*What to work on:*
Among the lines below, take the one holding "such points arbitrarily", the one holding "openin X (b", and all lines between them. Set them down exactly.

*Input material:*

(* Let $\{G_j\}_{j\in J}$ be a family of metrizable topological groups. Let $\mathbb I=[J]^{\leq\omega}$ be the set of countable subsets of $J$ ordered by inclusion, and for $D\in\mathbb I$ let $G_D=\prod_{j\in D}G_j\times\prod_{j\notin D}\{e_j\}\subseteq\prod_{j\in J}G_j$ with the product topology. Then $\{G_D\}_{D\in\mathbb I}$ (with inclusions as bonding maps) satisfies ACP, and $\operatorname{colim}_{D\in\mathbb I}G_D=\sum_{j\in J}(G_j,e_j)$.
   Context: For pointed spaces $(Y_j,0_j)$, the $\Sigma$-product $\sum_{j\in J}(Y_j,0_j)$ is the set of $y\in\prod_jY_j$ whose support $\{j\mid y_j\neq0_j\}$ is countable, with the topology induced by the product topology. $\operatorname{colim}$ denotes the union $\bigcup_DG_D$ with the colimit space topology $\{U\mid U\cap G_D\text{ open in }G_D\ \forall D\}$. ACP means that this colimit space topology coincides with the finest group topology on the union making all inclusions continuous (equivalently, the union with the colimit space topology is a topological group). *)

theory Defs
  imports "HOL-Analysis.Analysis" "HOL-Algebra.Product_Groups"
begin

definition topological_group :: "('a, 'b) monoid_scheme \<Rightarrow> 'a topology \<Rightarrow> bool" where
  "topological_group H X \<longleftrightarrow> group H \<and> topspace X = carrier H \<and>
     continuous_map (prod_topology X X) X (\<lambda>(x, y). x \<otimes>\<^bsub>H\<^esub> y) \<and>
     continuous_map X X (\<lambda>x. inv\<^bsub>H\<^esub> x)"

definition sigma_product_set :: "('j \<Rightarrow> 'a topology) \<Rightarrow> 'j set \<Rightarrow> ('j \<Rightarrow> 'a) \<Rightarrow> ('j \<Rightarrow> 'a) set" where
  "sigma_product_set Y J z = {y \<in> topspace (product_topology Y J). countable {j \<in> J. y j \<noteq> z j}}"

definition sigma_product :: "('j \<Rightarrow> 'a topology) \<Rightarrow> 'j set \<Rightarrow> ('j \<Rightarrow> 'a) \<Rightarrow> ('j \<Rightarrow> 'a) topology" where
  "sigma_product Y J z = subtopology (product_topology Y J) (sigma_product_set Y J z)"

definition colimit_topology :: "'i set \<Rightarrow> ('i \<Rightarrow> 'a topology) \<Rightarrow> 'a topology" where
  "colimit_topology I Y = topology (\<lambda>U. U \<subseteq> (\<Union>i\<in>I. topspace (Y i)) \<and>
       (\<forall>i\<in>I. openin (Y i) (U \<inter> topspace (Y i))))"

text \<open>ACP for a family of subgroups Y_i (i in I) of an ambient group H: the union with
  the colimit space topology is a topological group (the equivalent form of ACP).\<close>
definition ACP :: "'i set \<Rightarrow> ('i \<Rightarrow> 'a topology) \<Rightarrow> ('a, 'b) monoid_scheme \<Rightarrow> bool" where
  "ACP I Y H \<longleftrightarrow>
     topological_group (H\<lparr>carrier := (\<Union>i\<in>I. topspace (Y i))\<rparr>) (colimit_topology I Y)"

definition face_set :: "('j \<Rightarrow> ('a, 'b) monoid_scheme) \<Rightarrow> 'j set \<Rightarrow> 'j set \<Rightarrow> ('j \<Rightarrow> 'a) set" where
  "face_set G J D = {x \<in> (\<Pi>\<^sub>E j\<in>J. carrier (G j)). \<forall>j\<in>J - D. x j = \<one>\<^bsub>G j\<^esub>}"

end

theory Submission
  imports Defs
begin

(*
  The Sigma-product is a subgroup of the product of the topological groups G_j, hence a
  topological group in the subspace topology. Both claims therefore follow once the colimit
  topology of the faces G_D is shown to be the subspace topology of the Sigma-product; the
  inclusions being continuous, only one direction needs work. Let U meet every countable face
  in a relatively open set and suppose U is not a neighbourhood of some x in U. The factors are
  metrizable, so each coordinate of x has a decreasing countable neighbourhood base, and for
  every finite set F of coordinates and every n one can pick a point of the Sigma-product
  outside U in the basic box of level n around x over F. Closing the support of x under the
  countably many supports of these points yields a countable D whose face G_D contains x and
  such points arbitrarily close to x, contradicting the openness of U on G_D.
*)

lemma first_countable_decseq_base:
  assumes "first_countable X" and x: "x \<in> topspace X"
  obtains b :: "nat \<Rightarrow> 'a set"
  where "\<And>n. openin X (b n)" "\<And>n. x \<in> b n" "decseq b"
    "\<And>U. openin X U \<Longrightarrow> x \<in> U \<Longrightarrow> \<exists>n. b n \<subseteq> U"
proof -
  obtain \<B> where "countable \<B>" and opens: "\<And>V. V \<in> \<B> \<Longrightarrow> openin X V"
    and base: "\<And>U. openin X U \<Longrightarrow> x \<in> U \<Longrightarrow> \<exists>V \<in> \<B>. x \<in> V \<and> V \<subseteq> U"
    using assms unfolding first_countable_def by meson
  define \<C> where "\<C> = {V \<in> \<B>. x \<in> V}"
  have "countable \<C>"
    using \<open>countable \<B>\<close> by (simp add: \<C>_def)
  have "\<C> \<noteq> {}"
    using base [of "topspace X"] x by (auto simp: \<C>_def)
  define c where "c = from_nat_into \<C>"
  have c: "c n \<in> \<C>" for n
    using \<open>\<C> \<noteq> {}\<close> by (simp add: c_def from_nat_into)
  show thesis
  proof
    show "openin X (\<Inter>i\<le>n. c i)" for n
      using c opens by (auto simp: \<C>_def)
    show "x \<in> (\<Inter>i\<le>n. c i)" for n
      using c by (auto simp: \<C>_def)
    show "decseq (\<lambda>n. \<Inter>i\<le>n. c i)"
      by (auto simp: decseq_def)
    show "\<exists>n. (\<Inter>i\<le>n. c i) \<subseteq> U" if U: "openin X U" "x \<in> U" for U
    proof -
      obtain V where "V \<in> \<C>" "V \<subseteq> U"
        using base [OF U] by (auto simp: \<C>_def)
      then obtain n where "c n = V"
        using from_nat_into_surj [OF \<open>countable \<C>\<close>] by (metis c_def)
      then show ?thesis
        using \<open>V \<subseteq> U\<close> by auto
    qed
  qed
qed

lemma countable_closure_under_finite_subsets:
  fixes \<Phi> :: "'a set \<Rightarrow> 'a set"
  assumes "countable D\<^sub>0" and \<Phi>: "\<And>F. finite F \<Longrightarrow> countable (\<Phi> F)"
  obtains D where "D\<^sub>0 \<subseteq> D" "countable D" "D \<subseteq> D\<^sub>0 \<union> (\<Union>F. \<Phi> F)"
    "\<And>F. finite F \<Longrightarrow> F \<subseteq> D \<Longrightarrow> \<Phi> F \<subseteq> D"
proof -
  define step where "step D = D \<union> (\<Union>F \<in> {F. finite F \<and> F \<subseteq> D}. \<Phi> F)" for D
  define Dn where "Dn n = (step ^^ n) D\<^sub>0" for n
  have Dn_Suc: "Dn (Suc n) = step (Dn n)" for n
    by (simp add: Dn_def)
  have countable_Dn: "countable (Dn n)" for n
  proof (induction n)
    case (Suc n)
    then show ?case
      unfolding Dn_Suc step_def
      by (intro countable_Un countable_UN countable_Collect_finite_subset) (auto intro: \<Phi>)
  qed (simp add: Dn_def \<open>countable D\<^sub>0\<close>)
  have Dn_generated: "Dn n \<subseteq> D\<^sub>0 \<union> (\<Union>F. \<Phi> F)" for n
    by (induction n) (auto simp: Dn_def step_def)
  have "incseq Dn"
    by (rule incseq_SucI) (simp add: Dn_Suc step_def)
  show thesis
  proof
    show "D\<^sub>0 \<subseteq> (\<Union>n. Dn n)"
      using UN_upper [of 0 UNIV Dn] by (simp add: Dn_def)
    show "countable (\<Union>n. Dn n)"
      by (simp add: countable_Dn)
    show "(\<Union>n. Dn n) \<subseteq> D\<^sub>0 \<union> (\<Union>F. \<Phi> F)"
      using Dn_generated by blast
    show "\<Phi> F \<subseteq> (\<Union>n. Dn n)" if F: "finite F" "F \<subseteq> (\<Union>n. Dn n)" for F
    proof -
      have "Dn m \<subseteq> Dn m' \<or> Dn m' \<subseteq> Dn m" for m m'
        using \<open>incseq Dn\<close> nat_le_linear by (metis incseq_def)
      then have "subset.chain UNIV (range Dn)"
        by (auto simp: subset.chain_def)
      then obtain n where "F \<subseteq> Dn n"
        using finite_subset_Union_chain [OF \<open>finite F\<close>] F(2) by blast
      then have "\<Phi> F \<subseteq> Dn (Suc n)"
        using \<open>finite F\<close> by (auto simp: Dn_Suc step_def)
      then show ?thesis
        by blast
    qed
  qed
qed

lemma topological_group_subgroup:
  assumes tg: "topological_group H X" and S: "subgroup S H"
  shows "topological_group (H\<lparr>carrier := S\<rparr>) (subtopology X S)"
proof -
  have grp: "group H" and ts: "topspace X = carrier H"
   and mult: "continuous_map (prod_topology X X) X (\<lambda>(x, y). x \<otimes>\<^bsub>H\<^esub> y)"
   and inv: "continuous_map X X (\<lambda>x. inv\<^bsub>H\<^esub> x)"
    using tg by (auto simp: topological_group_def)
  have SX: "S \<subseteq> topspace X"
    using S ts subgroup.subset by blast
  have "continuous_map (prod_topology (subtopology X S) (subtopology X S)) (subtopology X S)
          (\<lambda>(x, y). x \<otimes>\<^bsub>H\<^esub> y)"
    unfolding subtopology_Times [symmetric]
    by (intro continuous_map_into_subtopology continuous_map_from_subtopology mult)
       (auto simp: subgroup.m_closed [OF S])
  moreover have "continuous_map (subtopology X S) (subtopology X S) (\<lambda>x. inv\<^bsub>H\<lparr>carrier := S\<rparr>\<^esub> x)"
  proof (rule continuous_map_eq)
    show "continuous_map (subtopology X S) (subtopology X S) (\<lambda>x. inv\<^bsub>H\<^esub> x)"
      by (intro continuous_map_into_subtopology continuous_map_from_subtopology inv)
         (auto simp: subgroup.m_inv_closed [OF S])
  qed (simp add: group.m_inv_consistent [OF grp S])
  ultimately show ?thesis
    using SX by (simp add: topological_group_def subgroup.subgroup_is_group [OF S grp] Int_absorb1)
qed

lemma topological_group_product:
  assumes tg: "\<And>j. j \<in> J \<Longrightarrow> topological_group (G j) (T j)"
  shows "topological_group (product_group J G) (product_topology T J)"
proof -
  have grp: "\<And>j. j \<in> J \<Longrightarrow> group (G j)"
    and ts: "\<And>j. j \<in> J \<Longrightarrow> topspace (T j) = carrier (G j)"
    and mult: "\<And>j. j \<in> J \<Longrightarrow> continuous_map (prod_topology (T j) (T j)) (T j) (\<lambda>(x, y). x \<otimes>\<^bsub>G j\<^esub> y)"
    and inv: "\<And>j. j \<in> J \<Longrightarrow> continuous_map (T j) (T j) (\<lambda>x. inv\<^bsub>G j\<^esub> x)"
    using tg by (auto simp: topological_group_def)
  let ?P = "product_topology T J"
  have tsP: "topspace ?P = carrier (product_group J G)"
    using ts by (auto intro: PiE_cong)
  have "continuous_map (prod_topology ?P ?P) ?P (\<lambda>(x, y). \<lambda>j\<in>J. x j \<otimes>\<^bsub>G j\<^esub> y j)"
    unfolding continuous_map_componentwise
  proof (intro conjI ballI)
    fix j assume j: "j \<in> J"
    have pair: "continuous_map (prod_topology ?P ?P) (prod_topology (T j) (T j)) (\<lambda>(x, y). (x j, y j))"
      by (simp add: continuous_map_prod_top continuous_map_product_projection [OF j])
    show "continuous_map (prod_topology ?P ?P) (T j) (\<lambda>p. (case p of (x, y) \<Rightarrow> \<lambda>j\<in>J. x j \<otimes>\<^bsub>G j\<^esub> y j) j)"
      using continuous_map_compose [OF pair mult [OF j]] j by (simp add: o_def case_prod_unfold)
  qed auto
  moreover have "continuous_map ?P ?P (\<lambda>x. inv\<^bsub>product_group J G\<^esub> x)"
  proof (rule continuous_map_eq)
    show "continuous_map ?P ?P (\<lambda>x. \<lambda>j\<in>J. inv\<^bsub>G j\<^esub> x j)"
      unfolding continuous_map_componentwise
    proof (intro conjI ballI)
      fix j assume j: "j \<in> J"
      show "continuous_map ?P (T j) (\<lambda>x. (\<lambda>j\<in>J. inv\<^bsub>G j\<^esub> x j) j)"
        using continuous_map_compose [OF continuous_map_product_projection [of j J T, OF j] inv [OF j]] j
        by (simp add: o_def)
    qed auto
  qed (use tsP grp in simp)
  ultimately show ?thesis
    using tsP grp by (simp add: topological_group_def)
qed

*Result for this exercise:*
  such points arbitrarily close to x, contradicting the openness of U on G_D.
*)

lemma first_countable_decseq_base:
  assumes "first_countable X" and x: "x \<in> topspace X"
  obtains b :: "nat \<Rightarrow> 'a set"
  where "\<And>n. openin X (b n)" "\<And>n. x \<in> b n" "decseq b"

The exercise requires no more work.